• **Work to complete**: Find how many lines of the entries contain the word "thesis", then report that figure alone.

• **Entries supplied**:
lemma block_sum_dist_signless_laplacian_clique:
  assumes "is_clique E K"
  shows "block_sum (dist_signless_laplacian E) K K
           = clique_trans_sum E K + real (card K) * (real (card K) - 1)"
proof -
  have row: "(\<Sum>j\<in>K. dist_signless_laplacian E $ i $ j) = transmission E i + (real (card K) - 1)"
    if "i \<in> K" for i
  proof -
    have "(\<Sum>j\<in>K - {i}. real (gdist E i j)) = (\<Sum>j\<in>K - {i}. 1)"
      using that assms by (intro sum.cong) (auto simp: is_clique_def gdist_edge)
    moreover have "card K \<ge> 1" using that by (auto simp: Suc_le_eq card_gt_0_iff)
    ultimately have "(\<Sum>j\<in>K. real (gdist E i j)) = real (card K) - 1"
      using that sum.remove[of K i "\<lambda>j. real (gdist E i j)"] by simp
    then show ?thesis
      using that by (simp add: dist_signless_laplacian_entry sum.distrib)
  qed
  show ?thesis
    by (simp add: block_sum_def row clique_trans_sum_def sum.distrib)
qed

lemma coef_a_coef_b_block_sums:
  fixes E :: "'a::finite \<Rightarrow> 'a \<Rightarrow> bool" and K :: "'a set"
  defines "Q \<equiv> dist_signless_laplacian E"
  defines "k \<equiv> real (clique_number E)" and "m \<equiv> real (CARD('a) - clique_number E)"
    and "p \<equiv> block_sum Q K K" and "q \<equiv> block_sum Q K (- K)" and "r \<equiv> block_sum Q (- K) (- K)"
  assumes "simple_graph E" and "is_clique E K" and "card K = clique_number E"
  shows "coef_a E K = - (p * m + r * k)" and "coef_b E K = p * r - q\<^sup>2"
proof -
  define s where "s = clique_trans_sum E K"
  define W where "W = wiener E"
  define c where "c = k * (k - 1)"
  have p: "p = s + c"
    using block_sum_dist_signless_laplacian_clique[OF assms(8)] assms(9)
    by (simp add: p_def Q_def s_def c_def k_def)
  have KU: "block_sum Q K UNIV = 2 * s"
    by (simp add: Q_def block_sum_dist_signless_laplacian_UNIV s_def clique_trans_sum_def)
  have UU: "block_sum Q UNIV UNIV = 4 * W"
    by (simp add: Q_def block_sum_dist_signless_laplacian_UNIV W_def wiener_eq_sum_transmission)
  have q: "q = s - c"
    using block_sum_split_right[of Q K K] KU p by (simp add: p_def q_def)
  have r: "r = 4 * W - 3 * s + c"
    using block_sum_split_left[where A = Q and K = K and Y = UNIV]
      block_sum_split_right[of Q "- K" K] KU UU q
      block_sum_swap[OF symmetric_dist_signless_laplacian[OF assms(7)], of "- K" K]
    by (simp add: Q_def q_def r_def)
  have "clique_number E \<le> CARD('a)"
    using assms(9) by (metis card_mono finite subset_UNIV)
  then have n: "real CARD('a) = k + m" by (simp add: k_def m_def)
  show "coef_a E K = - (p * m + r * k)"
    by (simp add: coef_a_def Let_def n p r c_def flip: k_def s_def W_def) (simp add: algebra_simps)
  show "coef_b E K = p * r - q\<^sup>2"
    by (simp add: coef_b_def Let_def p q r c_def flip: k_def s_def W_def)
      (simp add: algebra_simps power2_eq_square)
qed
text \<open>The exponent psi(x) and h(1/x) are comparable with constants depending only on the
  dimension d. The upper bound follows from 1 - cos t <= 2 min(1, t^2). For the lower bound,
  min(1, x^2 |y|^2) is split along the coordinate directions; by isotropy each direction
  contributes psi(x), the cosine handling the range |x y_b| < pi and a translation by pi/x in
  direction b (which flips the cosine and, by unimodality, can only increase the density)
  handling the tail. So WLSC of psi is WLSC of h(1/.).

  Comparing integrands gives h(r) + (1 - s^2/r^2) K(s) <= h(s) <= h(r) + (r/s)^2 K(r) for
  s <= r. If K >= eps h near 0, halving the radius multiplies h by at least 1 + 3 eps/4, which
  iterates to lower scaling. Conversely, lower scaling yields a lambda with h(r/lambda) >= 2 h(r),
  hence h(r) <= lambda^2 K(r). Finally lower scaling with positive exponent gives
  psi(lambda x) >= 2 psi(x) for large x, so psi is not slowly varying.\<close>

lemma cos_le_Maclaurin_4: "cos t \<le> 1 - t\<^sup>2 / 2 + t ^ 4 / 24" for t :: real
proof -
  obtain s where "cos t = (\<Sum>m<4. cos_coeff m * t ^ m) + (cos (s + 1/2 * real 4 * pi) / fact 4) * t ^ 4"
    using Maclaurin_cos_expansion[of t 4] by blast
  moreover have "(\<Sum>m<4. cos_coeff m * t ^ m) = 1 - t\<^sup>2 / 2"
    by (simp add: lessThan_nat_numeral cos_coeff_def)
  moreover have "cos (s + 1/2 * real 4 * pi) * t ^ 4 \<le> t ^ 4"
    using mult_right_mono[of "cos (s + 1/2 * real 4 * pi)" 1 "t ^ 4"] by simp
  ultimately show ?thesis by (simp add: fact_numeral)
qed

• **Your solution**: 3